Data shown:
:::::

lemma score_decomposition:
  assumes "\<phi> \<noteq> 0"
  shows "I1 b2 w \<theta>s As A *v (\<theta> - \<theta>s) + \<phi> *\<^sub>R S1 \<phi> b1 w y A \<theta>
    = ZOA b1 w y \<theta>s As A - B1 b2 w \<theta>s As A - score_remainder b1 b2 w \<theta>s As A \<theta>"
proof -
  have "I1 b2 w \<theta>s As A *v (\<theta> - \<theta>s) + \<phi> *\<^sub>R S1 \<phi> b1 w y A \<theta>
      = (\<Sum>j\<in>UNIV. (w j * b2 (\<theta>s \<bullet> As j) * (A j \<bullet> (\<theta> - \<theta>s)) + w j * (y j - b1 (A j \<bullet> \<theta>))) *\<^sub>R A j)"
    using assms by (simp add: I1_mult_vector S1_def sum.distrib scaleR_add_left)
  also have "\<dots> = (\<Sum>j\<in>UNIV. ((y j - b1 (\<theta>s \<bullet> As j)) * w j
         - w j * b2 (\<theta>s \<bullet> As j) * ((A j - As j) \<bullet> \<theta>s)
         - w j * (b1 (A j \<bullet> \<theta>) - b1 (\<theta>s \<bullet> As j) - b2 (\<theta>s \<bullet> As j) * (A j \<bullet> \<theta> - \<theta>s \<bullet> As j))) *\<^sub>R A j)"
    by (intro sum.cong refl arg_cong2[where f = scaleR])
      (simp add: inner_diff_left inner_diff_right inner_commute algebra_simps)
  also have "\<dots> = ZOA b1 w y \<theta>s As A - B1 b2 w \<theta>s As A - score_remainder b1 b2 w \<theta>s As A \<theta>"
    unfolding ZOA_def B1_def score_remainder_def
    by (simp add: sum_subtractf[symmetric] scaleR_diff_left)
  finally show ?thesis .
qed

lemma continuous_on_S1:
  assumes "continuous_on UNIV b1"
  shows "continuous_on T (S1 \<phi> b1 w y A)"
proof -
  have "continuous_on T (\<lambda>\<theta>. b1 (A j \<bullet> \<theta>))" for j
    by (rule continuous_on_compose2[OF assms]) (intro continuous_intros, auto)
  then show ?thesis unfolding S1_def by (intro continuous_intros)
qed

lemma abs_score_remainder_coeff_le:
  fixes a d :: real
  assumes db1: "\<And>x. (b1 has_real_derivative b2 x) (at x)"
    and db2: "\<And>x. (b2 has_real_derivative b3 x) (at x)"
    and cont: "continuous_on UNIV b3"
    and x: "\<bar>m + a + d\<bar> \<le> \<alpha>" and m: "\<bar>m\<bar> \<le> \<alpha>"
  shows "\<bar>b1 (m + a + d) - b1 m - b2 m * (m + a + d - m)\<bar> \<le> kappa3 b3 \<alpha> * (a\<^sup>2 + d\<^sup>2)"
proof -
  have K: "\<bar>b3 t\<bar> \<le> kappa3 b3 \<alpha>" if "\<bar>t\<bar> \<le> \<alpha>" for t
    using that by (intro abs_le_kappa3 continuous_on_subset[OF cont]) auto
  have "\<bar>b1 (m + a + d) - b1 m - b2 m * (m + a + d - m)\<bar> \<le> kappa3 b3 \<alpha> / 2 * (a + d)\<^sup>2"
    using abs_taylor_remainder_le[OF db1 db2 x m K] by simp
  also have "\<dots> \<le> kappa3 b3 \<alpha> / 2 * (2 * (a\<^sup>2 + d\<^sup>2))"
    using K[of m] m zero_le_power2[of "a - d"]
    by (intro mult_left_mono) (auto simp: power2_eq_square algebra_simps)
  also have "\<dots> = kappa3 b3 \<alpha> * (a\<^sup>2 + d\<^sup>2)" by simp
  finally show ?thesis .
qed

lemma norm_score_remainder_le:
  fixes A As :: "'p::finite \<Rightarrow> real^'r::finite"
  assumes db1: "\<And>x. (b1 has_real_derivative b2 x) (at x)"
    and db2: "\<And>x. (b2 has_real_derivative b3 x) (at x)"
    and cont: "continuous_on UNIV b3"
    and w: "\<And>j. w j \<ge> 0"
    and \<theta>s: "norm \<theta>s \<le> C1" and \<delta>: "norm (\<theta> - \<theta>s) \<le> C1"
    and As: "\<And>j. norm (As j) \<le> C2" and A: "\<And>j. norm (A j) \<le> C2"
  shows "norm (score_remainder b1 b2 w \<theta>s As A \<theta>)
    \<le> kappa3 b3 (3 * C1 * C2) * (gamma1 w A * (norm (\<theta> - \<theta>s))\<^sup>2 + beta1 w \<theta>s As A)"
proof (rule norm_le_if_abs_inner_unit_le)
  fix u :: "real^'r" assume u: "norm u = 1"
  define \<kappa> where "\<kappa> = kappa3 b3 (3 * C1 * C2)"
  define r where "r j = b1 (A j \<bullet> \<theta>) - b1 (\<theta>s \<bullet> As j) - b2 (\<theta>s \<bullet> As j) * (A j \<bullet> \<theta> - \<theta>s \<bullet> As j)" for j
  have C: "0 \<le> C1" "0 \<le> C2" using \<theta>s As[of undefined] norm_ge_zero order_trans by blast+
  have \<kappa>0: "\<kappa> \<ge> 0"
    unfolding \<kappa>_def using C by (intro kappa3_nonneg continuous_on_subset[OF cont]) auto
  have r: "\<bar>r j\<bar> \<le> \<kappa> * ((A j \<bullet> (\<theta> - \<theta>s))\<^sup>2 + ((A j - As j) \<bullet> \<theta>s)\<^sup>2)" for j
  proof -
    have split: "A j \<bullet> \<theta> = \<theta>s \<bullet> As j + A j \<bullet> (\<theta> - \<theta>s) + (A j - As j) \<bullet> \<theta>s"
      by (simp add: inner_diff_left inner_diff_right inner_commute)
    have "\<bar>A j \<bullet> \<theta>\<bar> \<le> norm (A j) * norm \<theta>" by (rule Cauchy_Schwarz_ineq2)
    also have "\<dots> \<le> C2 * (C1 + C1)"
      using A[of j] \<theta>s \<delta> C norm_triangle_sub[of \<theta> \<theta>s] by (intro mult_mono) auto
    also have "\<dots> \<le> 3 * C1 * C2" using C by (simp add: algebra_simps)
    finally have x: "\<bar>A j \<bullet> \<theta>\<bar> \<le> 3 * C1 * C2" .
    have "\<bar>\<theta>s \<bullet> As j\<bar> \<le> norm \<theta>s * norm (As j)" by (rule Cauchy_Schwarz_ineq2)
    also have "\<dots> \<le> C1 * C2" using As[of j] \<theta>s C by (intro mult_mono) auto
    also have "\<dots> \<le> 3 * C1 * C2" using C by simp
    finally have m: "\<bar>\<theta>s \<bullet> As j\<bar> \<le> 3 * C1 * C2" .
    show ?thesis
      using abs_score_remainder_coeff_le[OF db1 db2 cont x[unfolded split] m]
      unfolding r_def \<kappa>_def split[symmetric] by simp
  qed
  have "\<bar>score_remainder b1 b2 w \<theta>s As A \<theta> \<bullet> u\<bar> = \<bar>\<Sum>j\<in>UNIV. w j * r j * (A j \<bullet> u)\<bar>"
    by (simp add: score_remainder_def r_def inner_sum_left)
  also have "\<dots> \<le> (\<Sum>j\<in>UNIV. \<bar>w j * r j * (A j \<bullet> u)\<bar>)" by (rule sum_abs)
  also have "\<dots> \<le> (\<Sum>j\<in>UNIV. \<kappa> * (w j * (A j \<bullet> (\<theta> - \<theta>s))\<^sup>2 * \<bar>A j \<bullet> u\<bar>)
                        + \<kappa> * (w j * ((A j - As j) \<bullet> \<theta>s)\<^sup>2 * \<bar>A j \<bullet> u\<bar>))"
  proof (rule sum_mono)
    fix j
    have "\<bar>w j * r j * (A j \<bullet> u)\<bar> = (w j * \<bar>A j \<bullet> u\<bar>) * \<bar>r j\<bar>"
      using w[of j] by (simp add: abs_mult)
    also have "\<dots> \<le> (w j * \<bar>A j \<bullet> u\<bar>) * (\<kappa> * ((A j \<bullet> (\<theta> - \<theta>s))\<^sup>2 + ((A j - As j) \<bullet> \<theta>s)\<^sup>2))"
      using w[of j] by (intro mult_left_mono r) simp
    finally show "\<bar>w j * r j * (A j \<bullet> u)\<bar> \<le> \<kappa> * (w j * (A j \<bullet> (\<theta> - \<theta>s))\<^sup>2 * \<bar>A j \<bullet> u\<bar>)
                        + \<kappa> * (w j * ((A j - As j) \<bullet> \<theta>s)\<^sup>2 * \<bar>A j \<bullet> u\<bar>)"
      by (simp add: algebra_simps)
  qed
  also have "\<dots> \<le> \<kappa> * (gamma1 w A * (norm (\<theta> - \<theta>s))\<^sup>2) + \<kappa> * beta1 w \<theta>s As A"
    unfolding sum.distrib sum_distrib_left[symmetric]
    using sum_inner_sq_le_gamma1[of w u A, OF w u] sum_le_beta1[of w u A As \<theta>s, OF w u] \<kappa>0
    by (intro add_mono mult_left_mono) auto
  finally show "\<bar>score_remainder b1 b2 w \<theta>s As A \<theta> \<bullet> u\<bar>
      \<le> kappa3 b3 (3 * C1 * C2) * (gamma1 w A * (norm (\<theta> - \<theta>s))\<^sup>2 + beta1 w \<theta>s As A)"
    by (simp add: \<kappa>_def algebra_simps)
qed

:::::

Required work: Copy down each line in the entries that has the word "lemma".

Reply to the exercise:
lemma score_decomposition:
lemma continuous_on_S1:
lemma abs_score_remainder_coeff_le:
lemma norm_score_remainder_le:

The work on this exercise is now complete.